“Offrir un meilleur accès à la justice et faire émerger une expertise juridique augmentée.” ______________ “Les solutions d’IA visant une meilleure compréhension des écosystèmes et de la biodiversité sont particulièrement intéressantes.”
Grâce à des avancées majeures réalisées ces dernières années, en particulier dans le domaine de l’apprentissage automatique (machine learning), l’intelligence artificielle (IA) offre de nouvelles perspectives. Avec le big data, le décuplement des puissances de calcul, ou encore le développement d’algorithmes novateurs, ses applications se multiplient et se diversifient. De la recherche dans le domaine de la santé aux économies d’énergie, en passant par le domaine juridique, l’IA a commencé à transformer en profondeur de nombreux secteurs et industries.
L’IA fait avancer la recherche médicale
Aide au diagnostic, chirurgie assistée par ordinateur, robots compagnons, médecine prédictive, anticipation d’une épidémie… L’IA est au cœur de la médecine du futur. Si elle permet de mieux diagnostiquer et soigner la maladie, elle offre également la possibilité d’inventer de nouveaux traitements. En effet, les hôpitaux génèrent de plus en plus de données médicales, dont seulement une petite partie est aujourd’hui exploitée.
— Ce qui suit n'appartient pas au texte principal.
definition bderiv :: "'x \<Rightarrow> 'x bf \<Rightarrow> 'x bf" where
  "bderiv x f = (\<lambda>u. cof x True f u \<noteq> cof x False f u)"

definition modular_wit :: "'x bf \<Rightarrow> 'x bf \<Rightarrow> 'x bf \<Rightarrow> 'x \<Rightarrow> bool" where
  "modular_wit f g l z \<longleftrightarrow> dep l \<inter> dep g = {} \<and> f = subst l z g"

definition modular :: "'x bf \<Rightarrow> 'x bf \<Rightarrow> bool" where
  "modular f g \<longleftrightarrow> \<not> is_const g \<and> (\<exists>l z. modular_wit f g l z)"

definition mono_modular :: "'x bf \<Rightarrow> 'x bf \<Rightarrow> bool" where
  "mono_modular f g \<longleftrightarrow> \<not> is_const g \<and> (\<exists>l z. modular_wit f g l z \<and> mono_in l z)"

text \<open>f_{g/1} := l_{z/1}, f_{g/0} := l_{z/0} for some witness (l, z) of modularity
  (well defined according to the paper).\<close>
definition gcof :: "'x bf \<Rightarrow> 'x bf \<Rightarrow> bool \<Rightarrow> 'x bf" where
  "gcof f g c = (let (l, z) = (SOME (l, z). modular_wit f g l z) in cof z c l)"

definition gsubst :: "'x bf \<Rightarrow> 'x bf \<Rightarrow> 'x \<Rightarrow> 'x bf" where
  "gsubst f g w = (\<lambda>u. (u w \<and> gcof f g True u) \<or> (\<not> u w \<and> gcof f g False u))"

type_synonym 'x value_fun = "'x \<Rightarrow> 'x bf \<Rightarrow> real"

definition IVF :: "('x::finite) value_fun \<Rightarrow> bool" where
  "IVF I \<longleftrightarrow>
     (\<forall>x f. 0 \<le> I x f \<and> I x f \<le> 1) \<and>
     (\<forall>x f. x \<notin> dep f \<longrightarrow> I x f = 0) \<and>
     (\<forall>x. I x (var x) = 1 \<and> I x (neg (var x)) = 1) \<and>
     (\<forall>x \<sigma> f. bij \<sigma> \<longrightarrow> I x f = I (\<sigma> x) (perm_bf \<sigma> f)) \<and>
     (\<forall>x y f. I x f = I x (flip_var f y)) \<and>
     (\<forall>x f g h. mono_modular f g \<and> mono_modular h g \<and>
        (\<forall>u. gcof h g True u \<longrightarrow> gcof f g True u) \<and>
        (\<forall>u. gcof f g False u \<longrightarrow> gcof h g False u) \<and>
        x \<in> dep g \<longrightarrow> I x f \<ge> I x h)"

definition unbiased :: "'x value_fun \<Rightarrow> bool" where
  "unbiased I \<longleftrightarrow> (\<forall>x g. I x g = I x (neg g))"

definition derivative_dependent :: "'x value_fun \<Rightarrow> bool" where
  "derivative_dependent I \<longleftrightarrow>
     (\<forall>f g x. (\<forall>u. bderiv x g u \<longrightarrow> bderiv x f u) \<longrightarrow> I x f \<ge> I x g)"

text \<open>Chain rule: I_g(f) := I_{x_g}(f[g/x_g]) for a variable x_g not in dep f
  (the equation is required for every such variable).\<close>
definition chain_rule_decomposable :: "'x value_fun \<Rightarrow> bool" where
  "chain_rule_decomposable I \<longleftrightarrow>
     (\<forall>f g x xg. modular f g \<and> x \<in> dep g \<and> xg \<notin> dep f \<longrightarrow>
        I x f = I x g * I xg (gsubst f g xg))"

definition share_function :: "(enat \<Rightarrow> real) \<Rightarrow> bool" where
  "share_function \<rho> \<longleftrightarrow>
     (\<forall>a b. a \<le> b \<longrightarrow> \<rho> b \<le> \<rho> a) \<and>
     \<rho> \<infinity> = 0 \<and> (\<lambda>k. \<rho> (enat k)) \<longlonglongrightarrow> 0 \<and> \<rho> 0 = 1"

text \<open>Minimum size of a critical set (Inf of the empty set of enat is infinity).\<close>
definition mscs :: "'x assign \<Rightarrow> 'x \<Rightarrow> 'x bf \<Rightarrow> enat" where
  "mscs u x f = Inf {enat (card S) | S. S \<subseteq> - {x} \<and> f (flip S u) \<noteq> f (flip (insert x S) u)}"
L’IA permet de collecter et analyser ces données brutes pour les transformer en connaissance et accélérer ainsi la recherche médicale.
En France, l’Institut Curie, qui mise sur le big data et l’IA pour faire avancer la lutte contre le cancer et améliorer les soins, collecte les données de santé des patients depuis plus de dix ans.
En 2018, l’Institut national de la santé et de la recherche médicale (Inserm) s’associait à la start-up française Owkin, spécialisée dans le machine learning appliqué à la recherche médicale, dans le but de permettre aux chercheurs d’exploiter les données massives et hétérogènes produites ou utilisées par l’institut grâce au logiciel Socrates. Cette plateforme “utilise les technologies de machine learning pour analyser des bibliothèques d’imagerie médicale, des données moléculaires de type génomique, ainsi que des ensembles de données cliniques, pour découvrir des modèles de biomarqueurs complexes associés à des maladies ou à des réponses variables aux traitements”.
Pour en savoir plus :
LL’intelligence artificielle au service de la recherche médicale : l’Inserm et Owkin s’associent
L’IA au service de la santé mentale
Depuis plusieurs années, les chercheurs s’intéressent aussi au diagnostic et au traitement des troubles mentaux. Parmi eux, la dépression, qui touche, selon l’Organisation mondiale de la santé (OMS), 300 millions de personnes à l’échelle planétaire. C’est l’une des principales causes de handicap dans le monde.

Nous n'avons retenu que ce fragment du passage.